Collected data entries

<<<<

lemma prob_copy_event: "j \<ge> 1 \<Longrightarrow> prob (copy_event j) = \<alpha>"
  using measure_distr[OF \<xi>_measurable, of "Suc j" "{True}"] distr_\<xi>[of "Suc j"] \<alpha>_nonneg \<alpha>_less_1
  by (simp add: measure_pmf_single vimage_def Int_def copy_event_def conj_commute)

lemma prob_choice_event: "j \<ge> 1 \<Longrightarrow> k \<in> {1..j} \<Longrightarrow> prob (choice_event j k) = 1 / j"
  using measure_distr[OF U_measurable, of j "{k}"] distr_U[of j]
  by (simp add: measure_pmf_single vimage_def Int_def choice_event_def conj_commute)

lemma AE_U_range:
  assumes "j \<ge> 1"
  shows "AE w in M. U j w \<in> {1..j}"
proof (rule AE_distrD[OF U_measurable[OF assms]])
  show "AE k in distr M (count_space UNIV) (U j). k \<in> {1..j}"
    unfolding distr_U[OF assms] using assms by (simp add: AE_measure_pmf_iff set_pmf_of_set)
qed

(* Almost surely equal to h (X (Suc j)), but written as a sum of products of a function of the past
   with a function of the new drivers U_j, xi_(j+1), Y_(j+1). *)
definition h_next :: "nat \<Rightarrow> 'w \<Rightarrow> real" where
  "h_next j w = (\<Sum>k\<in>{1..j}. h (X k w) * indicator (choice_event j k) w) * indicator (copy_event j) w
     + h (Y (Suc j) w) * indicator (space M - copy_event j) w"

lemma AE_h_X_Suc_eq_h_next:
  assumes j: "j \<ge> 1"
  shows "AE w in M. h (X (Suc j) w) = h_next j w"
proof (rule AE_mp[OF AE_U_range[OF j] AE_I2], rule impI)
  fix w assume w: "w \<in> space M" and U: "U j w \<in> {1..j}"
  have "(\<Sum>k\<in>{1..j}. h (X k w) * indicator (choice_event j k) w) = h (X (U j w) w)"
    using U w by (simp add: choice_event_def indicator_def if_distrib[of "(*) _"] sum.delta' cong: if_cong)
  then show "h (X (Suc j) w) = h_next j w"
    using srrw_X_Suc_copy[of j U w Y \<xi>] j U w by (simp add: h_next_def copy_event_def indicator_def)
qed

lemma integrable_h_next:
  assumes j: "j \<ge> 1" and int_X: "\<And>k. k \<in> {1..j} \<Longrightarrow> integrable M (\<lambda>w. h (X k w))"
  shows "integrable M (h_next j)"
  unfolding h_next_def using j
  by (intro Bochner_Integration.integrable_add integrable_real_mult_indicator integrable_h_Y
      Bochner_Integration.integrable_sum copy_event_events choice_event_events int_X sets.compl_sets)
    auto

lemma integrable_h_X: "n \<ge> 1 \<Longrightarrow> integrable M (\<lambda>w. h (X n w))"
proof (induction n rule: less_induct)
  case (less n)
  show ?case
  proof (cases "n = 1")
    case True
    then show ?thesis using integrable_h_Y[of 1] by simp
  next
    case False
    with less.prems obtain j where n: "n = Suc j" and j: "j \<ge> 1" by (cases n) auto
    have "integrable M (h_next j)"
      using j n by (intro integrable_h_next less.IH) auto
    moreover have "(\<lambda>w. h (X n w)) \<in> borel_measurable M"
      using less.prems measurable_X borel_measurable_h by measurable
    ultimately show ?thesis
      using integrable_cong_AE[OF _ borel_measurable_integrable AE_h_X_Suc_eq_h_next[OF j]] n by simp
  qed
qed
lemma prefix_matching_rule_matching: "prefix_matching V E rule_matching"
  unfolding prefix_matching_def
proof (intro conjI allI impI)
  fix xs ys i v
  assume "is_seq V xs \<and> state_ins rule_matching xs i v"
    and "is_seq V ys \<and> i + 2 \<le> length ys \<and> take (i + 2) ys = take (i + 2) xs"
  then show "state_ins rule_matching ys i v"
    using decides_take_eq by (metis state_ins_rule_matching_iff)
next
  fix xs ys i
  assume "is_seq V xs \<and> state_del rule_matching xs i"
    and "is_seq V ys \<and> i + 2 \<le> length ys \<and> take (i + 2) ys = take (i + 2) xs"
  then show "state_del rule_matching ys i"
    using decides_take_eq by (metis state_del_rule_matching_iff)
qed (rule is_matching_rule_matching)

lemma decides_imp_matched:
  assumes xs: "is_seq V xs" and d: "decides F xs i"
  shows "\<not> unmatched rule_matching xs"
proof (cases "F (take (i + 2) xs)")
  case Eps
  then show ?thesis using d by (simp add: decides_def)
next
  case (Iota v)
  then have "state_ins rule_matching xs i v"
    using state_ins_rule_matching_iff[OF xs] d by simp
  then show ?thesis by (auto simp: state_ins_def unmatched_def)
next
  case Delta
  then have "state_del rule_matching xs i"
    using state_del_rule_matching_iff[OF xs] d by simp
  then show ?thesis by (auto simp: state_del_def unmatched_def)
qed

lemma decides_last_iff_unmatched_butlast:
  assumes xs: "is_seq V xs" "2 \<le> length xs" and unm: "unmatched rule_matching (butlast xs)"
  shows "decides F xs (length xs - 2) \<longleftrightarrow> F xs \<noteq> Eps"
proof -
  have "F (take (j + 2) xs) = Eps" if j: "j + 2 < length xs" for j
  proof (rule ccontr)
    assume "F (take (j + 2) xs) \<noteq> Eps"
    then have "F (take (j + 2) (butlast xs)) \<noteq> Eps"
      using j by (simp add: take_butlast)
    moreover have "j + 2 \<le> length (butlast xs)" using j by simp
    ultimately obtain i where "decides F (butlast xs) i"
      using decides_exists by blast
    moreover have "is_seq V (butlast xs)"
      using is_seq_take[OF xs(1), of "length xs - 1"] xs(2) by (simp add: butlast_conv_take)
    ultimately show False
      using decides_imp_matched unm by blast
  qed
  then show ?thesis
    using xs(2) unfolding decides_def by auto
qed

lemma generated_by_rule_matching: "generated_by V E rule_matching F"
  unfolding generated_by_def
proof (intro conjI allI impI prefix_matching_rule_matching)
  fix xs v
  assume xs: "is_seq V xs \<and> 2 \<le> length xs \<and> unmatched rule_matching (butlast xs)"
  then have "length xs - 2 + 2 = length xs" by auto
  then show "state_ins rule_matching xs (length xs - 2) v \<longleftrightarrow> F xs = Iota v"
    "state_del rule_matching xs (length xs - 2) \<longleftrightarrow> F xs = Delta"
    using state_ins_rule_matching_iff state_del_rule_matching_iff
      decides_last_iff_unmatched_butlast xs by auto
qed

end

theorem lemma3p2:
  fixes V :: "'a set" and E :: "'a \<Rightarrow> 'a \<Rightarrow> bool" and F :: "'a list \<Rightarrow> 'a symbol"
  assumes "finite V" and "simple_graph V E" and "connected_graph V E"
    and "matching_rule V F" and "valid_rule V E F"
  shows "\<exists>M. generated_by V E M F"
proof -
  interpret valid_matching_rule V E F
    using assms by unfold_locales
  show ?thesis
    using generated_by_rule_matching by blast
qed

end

>>>>

§ EXERCISE DETAILS:
Which lines above contain the word "with"? Copy each of them.

§ ANSWER TO THIS PROBLEM:
   with a function of the new drivers U_j, xi_(j+1), Y_(j+1). *)
    with less.prems obtain j where n: "n = Suc j" and j: "j \<ge> 1" by (cases n) auto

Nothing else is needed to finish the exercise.